The input:
------------------------

lemma harmonic_homology_LIS:
  assumes "cmod g > 1" "g \<noteq> h" "cmod p = 1" "cmod q = 1"
    and sides: "line_side g h p * line_side g h q < 0" "line_side g h p' * line_side g h q' < 0"
    and "harmonic_homology g p = p'" "harmonic_homology g q = q'"
  shows "harmonic_homology g (LIS g h p q) = LIS g h p' q'"
proof -
  obtain \<rho> where \<rho>: "LIS g h p q = p + of_real \<rho> * (q - p)" and on_gh: "LIS g h p q \<in> line_through g h"
    using LIS_crossing[OF assms(2) sides(1)] by blast
  have P: "circle_power g \<noteq> 0" using circle_power_pos[OF assms(1)] by simp
  have factor_nonzero: "homology_factor g x \<noteq> 0" if "cmod x \<le> 1" for x
  proof -
    have "x \<noteq> g" using that assms(1) by auto
    then show ?thesis using homology_factor_pos[OF that _ circle_power_pos[OF assms(1)]] by simp
  qed
  have "cmod (LIS g h p q) \<le> 1" using LIS_crossing_in_disk[OF assms(2-4) sides(1)] by simp
  then have "harmonic_homology g (LIS g h p q) = harmonic_homology g p
      + of_real (\<rho> * homology_factor g q / homology_factor g (LIS g h p q))
        * (harmonic_homology g q - harmonic_homology g p)"
    unfolding \<rho> using assms(3,4) by (intro harmonic_homology_line_point P factor_nonzero) simp_all
  then have "harmonic_homology g (LIS g h p q) \<in> line_through p' q'"
    unfolding assms(7,8) mem_line_through_iff by blast
  moreover have "harmonic_homology g (LIS g h p q) \<in> line_through g h"
    using harmonic_homology_mem_line[OF on_gh] .
  ultimately show ?thesis using LIS_crossing[OF assms(2) sides(2)] by blast
qed

lemma visual_angle_metric_LIS_harmonic_homology:
  assumes "cmod g > 1" "g \<noteq> h" "cmod p = 1" "cmod q = 1" "cmod r = 1" "cmod s = 1"
    and sides: "line_side g h p * line_side g h q < 0" "line_side g h r * line_side g h s < 0"
      "line_side g h p' * line_side g h q' < 0" "line_side g h r' * line_side g h s' < 0"
    and "harmonic_homology g p = p'" "harmonic_homology g q = q'"
      "harmonic_homology g r = r'" "harmonic_homology g s = s'"
  shows "visual_angle_metric (LIS g h p q) (LIS g h r s)
    = visual_angle_metric (LIS g h p' q') (LIS g h r' s')"
proof -
  have "LIS g h p q \<in> line_through g h" "LIS g h r s \<in> line_through g h"
    using LIS_crossing[OF assms(2) sides(1)] LIS_crossing[OF assms(2) sides(2)] by blast+
  moreover have "cmod (LIS g h p q) < 1" "cmod (LIS g h r s) < 1"
    using LIS_crossing_in_disk assms(2-6) sides(1,2) by blast+
  ultimately have "visual_angle_metric (LIS g h p q) (LIS g h r s)
      = visual_angle_metric (harmonic_homology g (LIS g h p q)) (harmonic_homology g (LIS g h r s))"
    using visual_angle_metric_harmonic_homology[OF assms(1,2)] by simp
  also have "\<dots> = visual_angle_metric (LIS g h p' q') (LIS g h r' s')"
    using harmonic_homology_LIS[OF assms(1-4) sides(1,3) assms(11,12)]
      harmonic_homology_LIS[OF assms(1,2,5,6) sides(2,4) assms(13,14)] by simp
  finally show ?thesis .
qed

lemma line_side_chord_line:
  assumes "g = p + of_real r * (q - p)"
  shows "line_side g h p = - r * Im (cnj (h - g) * (q - p))"
    "line_side g h q = (1 - r) * Im (cnj (h - g) * (q - p))"
proof -
  have pg: "p - g = of_real (- r) * (q - p)" and qg: "q - g = of_real (1 - r) * (q - p)"
    using assms by (simp_all add: algebra_simps)
  show "line_side g h p = - r * Im (cnj (h - g) * (q - p))"
    "line_side g h q = (1 - r) * Im (cnj (h - g) * (q - p))"
    unfolding line_side_def pg qg by (simp_all add: algebra_simps)
qed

------------------------

Work required: The lines to retype run from the start of the entries through the line containing "g x \<noteq>"; reproduce them exactly and add nothing.

Problem solution:
lemma harmonic_homology_LIS:
  assumes "cmod g > 1" "g \<noteq> h" "cmod p = 1" "cmod q = 1"
    and sides: "line_side g h p * line_side g h q < 0" "line_side g h p' * line_side g h q' < 0"
    and "harmonic_homology g p = p'" "harmonic_homology g q = q'"
  shows "harmonic_homology g (LIS g h p q) = LIS g h p' q'"
proof -
  obtain \<rho> where \<rho>: "LIS g h p q = p + of_real \<rho> * (q - p)" and on_gh: "LIS g h p q \<in> line_through g h"
    using LIS_crossing[OF assms(2) sides(1)] by blast
  have P: "circle_power g \<noteq> 0" using circle_power_pos[OF assms(1)] by simp
  have factor_nonzero: "homology_factor g x \<noteq> 0" if "cmod x \<le> 1" for x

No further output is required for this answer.